*** MATERIAL TO PROCESS Section Begins ***
lemma missing_count_mod3:
  assumes C: "C \<subseteq> PG_points v" and H: "int (card {P \<in> C. P \<subseteq> H}) mod 3 = u mod 3"
    and "hyperplane v a = H"
  shows "int (missing_count v C a) mod 3 = (int (card C) - u) mod 3"
proof -
  have "finite C" using C finite_PG_points finite_subset by blast
  moreover have "C = {P \<in> C. \<not> P \<subseteq> H} \<union> {P \<in> C. P \<subseteq> H}" by blast
  ultimately have "card C = missing_count v C a + card {P \<in> C. P \<subseteq> H}"
    unfolding missing_count_def \<open>hyperplane v a = H\<close>
    by (metis (no_types, lifting) card_Un_disjoint disjoint_iff finite_Un mem_Collect_eq)
  then have "int (missing_count v C a) = int (card C) - int (card {P \<in> C. P \<subseteq> H})"
    by simp
  then have "int (missing_count v C a) mod 3 = (int (card C) - int (card {P \<in> C. P \<subseteq> H}) mod 3) mod 3"
    by (simp add: mod_diff_right_eq)
  then show ?thesis
    using H by (simp add: mod_diff_right_eq)
qed

lemma three_dvd_sum_missing_count:
  assumes "2 \<le> v" "C \<subseteq> PG_points v"
  shows "3 dvd (\<Sum>a\<in>F3vecs v. int (missing_count v C a))"
proof -
  obtain k where v: "v = k + 2" using assms(1) le_Suc_ex by (metis add.commute)
  have "3 * (\<Sum>a\<in>F3vecs v. missing_count v C a) = 3 * (6 * card C * 3 ^ k)"
    using sum_missing_count[OF assms(2)] by (simp add: v power_add)
  then have "(\<Sum>a\<in>F3vecs v. missing_count v C a) = 3 * (2 * card C * 3 ^ k)"
    by simp
  then have "(\<Sum>a\<in>F3vecs v. int (missing_count v C a)) = 3 * int (2 * card C * 3 ^ k)"
    by (simp flip: of_nat_sum)
  then show ?thesis by simp
qed

lemma three_dvd_missing_count:
  assumes v: "2 \<le> v" and C: "C \<subseteq> PG_points v" and div: "divisible_pts 3 v C"
    and a: "a \<in> F3vecs v"
  shows "3 dvd missing_count v C a"
proof -
  obtain u :: int
    where u: "\<And>H. H \<in> PG_hyperplanes v \<Longrightarrow> int (card {P \<in> C. P \<subseteq> H}) mod 3 = u mod 3"
    using div unfolding divisible_pts_def by auto
  have residue: "int (missing_count v C b) mod 3 = (int (card C) - u) mod 3"
    if "b \<in> F3vecs v - {\<lambda>_. 0}" for b
    using that by (intro missing_count_mod3[OF C u refl] hyperplane_in_PG_hyperplanes) auto
  have "3 dvd card (F3vecs v)"
    using v by (simp add: card_F3vecs)
  then have "3 dvd (int (card C) - u)"
    using three_dvd_common_residue[OF finite_F3vecs zero_in_F3vecs _ _ three_dvd_sum_missing_count[OF v C] residue]
      missing_count_zero[OF C] by simp
  then have "int (missing_count v C a) mod 3 = 0"
    using residue[of a] a missing_count_zero[OF C] by (cases "a = (\<lambda>_. 0)") (auto simp: dvd_eq_mod_eq_0)
  then have "int 3 dvd int (missing_count v C a)"
    by (simp add: dvd_eq_mod_eq_0)
  then show ?thesis by (simp only: int_dvd_int_iff)
qed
*** MATERIAL TO PROCESS Section Ends ***
:: WORK INSTRUCTIONS ::
Begin at the first line of the material and transcribe each line exactly. End with the line containing "finite_subset by blast", and give nothing else.

:: RESPONSE FOR THIS EXERCISE ::
lemma missing_count_mod3:
  assumes C: "C \<subseteq> PG_points v" and H: "int (card {P \<in> C. P \<subseteq> H}) mod 3 = u mod 3"
    and "hyperplane v a = H"
  shows "int (missing_count v C a) mod 3 = (int (card C) - u) mod 3"
proof -
  have "finite C" using C finite_PG_points finite_subset by blast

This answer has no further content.